The analysis of variance was made for determining whether or not the type of adhesive used in production, the type of additive material, and the ratios of additive of PBs affected the ignition time, flaming combustion duration, smoldering combustion duration, flaming combustion temperature, and loss of mass at end of burning (Tables 1 and 2). According to the ANOVA results, with the exception of type of adhesive x ratio of additive for flaming combustion duration, dual interactions of type of additive material x ratio of additive and dual interactions of type of adhesive x ratio of additive for smoldering combustion duration (all of the other single, dual, and triple interactions had a level of error smaller than (p<0.05)), it was found that type of adhesive, type of additive material, and ratio of additive had a positive effect on burning characteristics of PBs. The homogeneity test determined whether the differences among the values for burning characteristics of the effective variables were significant and the results are shown in Tables 1 and 2.
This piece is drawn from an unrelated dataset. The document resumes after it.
(* Fix a single-item interdependent-values setting and let $\mathcal M$ be a universally ex-post IC-IR mechanism that is an $\alpha$-approximation to the optimal welfare, i.e., for every signal profile $\mathbf s$ the expected welfare of $\mathcal M$ when all bidders bid truthfully ($\mathbf b=\mathbf s$) is at least $\mathrm{OPT}(\mathbf s)/\alpha$. For $\epsilon\in(0,1)$ let $\mathcal M'$ be the randomized mechanism that runs $\mathcal M$ with probability $1-\epsilon$ and the proportional allocation mechanism with probability $\epsilon$. Then the price of anarchy of $\mathcal M'$ with respect to pure Nash equilibria under no-overbidding is at most $\frac{\alpha}{1-\epsilon}$: for every signal profile $\mathbf s$ and every pure Nash equilibrium $\mathbf b$ of $\mathcal M'$ at $\mathbf s$ under no-overbidding, $\mathrm{OPT}(\mathbf s)\le\frac{\alpha}{1-\epsilon}\,\mathbb E[\mathrm{SW}_{\mathcal M'}(\mathbf b,\mathbf s)]$.
   Context: Single-item interdependent-values setting: bidders $i\in[n]$ have private signals $s_i\in S_i\subseteq\mathbb R_{\ge0}$ (intervals) and publicly known valuations $v_i:S_1\times\dots\times S_n\to\mathbb R_{\ge0}$, weakly increasing in every coordinate and strictly increasing in $s_i$. A deterministic mechanism $(x,p)$ solicits bids $b_i\in S_i$, outputs $x_i(\mathbf b)\in\{0,1\}$ with $\sum_ix_i\le1$ and payments $p_i(\mathbf b)$; utility $u_i(\mathbf b;\mathbf s)=x_i(\mathbf b)v_i(\mathbf s)-p_i(\mathbf b)$. Ex-post IC-IR: for every $\mathbf s$, $i$, $b_i\in S_i$: $x_i(\mathbf s)v_i(\mathbf s)-p_i(\mathbf s)\ge\max\{x_i(b_i,\mathbf s_{-i})v_i(\mathbf s)-p_i(b_i,\mathbf s_{-i}),0\}$. Universally ex-post IC-IR: a probability distribution over deterministic ex-post IC-IR mechanisms. Proportional allocation mechanism: given $\mathbf b$, allocates the item to bidder $i$ with probability $\frac{b_i}{\sum_jb_j+1}$ and charges no payments. $\mathrm{OPT}(\mathbf s)=\max_iv_i(\mathbf s)$; $\mathrm{SW}_{\mathcal M'}(\mathbf b,\mathbf s)=\sum_ix_i(\mathbf b)v_i(\mathbf s)$ (random). A pure Nash equilibrium at $\mathbf s$ under no-overbidding is a bid profile $\mathbf b\le\mathbf s$ such that for every $i$ and every $b_i'\in S_i$ with $b_i'\le s_i$, $\mathbb E[u_i((b_i',\mathbf b_{-i});\mathbf s)]\le\mathbb E[u_i(\mathbf b;\mathbf s)]$ (expectations over the mechanism's randomness). *)

theory Defs
  imports "HOL-Probability.Probability"
begin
Table 1. Statistical Values for Burning Characteristics of PBs for UF Adhesive According to Type and Ratio of Additive Material (v: variation coefficient)

Table 2. Statistical Values for Burning Characteristics of Particleboards for MF Adhesive According to Type and Ratio of Additive (v: variation coefficient)

Ignition Time (IT)

Specifications for the homogeneity test for determining IT values connected to the triple interaction of type of adhesive, type of additive material, and ratio of additive and differences among them are given in Table 3.

Table 3. Homogeneity Groups According to Ignition Time Connected to Type of Adhesive, Type of Additive Material, and Ratio of Additive

^aIgnition time (s), ^b Homogeneity group

Comparative levels of ignition time of variables have been given in Fig. 2.

Fig. 2. Comparative levels of ignition time according to the variables

As it can be observed from Table 3 and Fig. 2, since ITs (59.24 s – 56.75 s) of PBs both with UF and MF adhesive were the least and the difference between them was statistically insignificant, RW and GW additives increased ITs of PBs. While increasing the ratio of additive from 10% to 15% in GW additive PBs with UF adhesive did not affect IT, as the ratio of additive was increased in all of the other PB types, IT also increased. While IT was increased from 59.29 s to 95.50 s in GW added PBs with UF adhesive, it was increased from 59.25 s to 98.75 s in RW added PBs. IT in GW added PBs with MF adhesives was increased from 56.75 s to 172.50 s and was increased from 56.75 s to 148.80 s in RW added PBs.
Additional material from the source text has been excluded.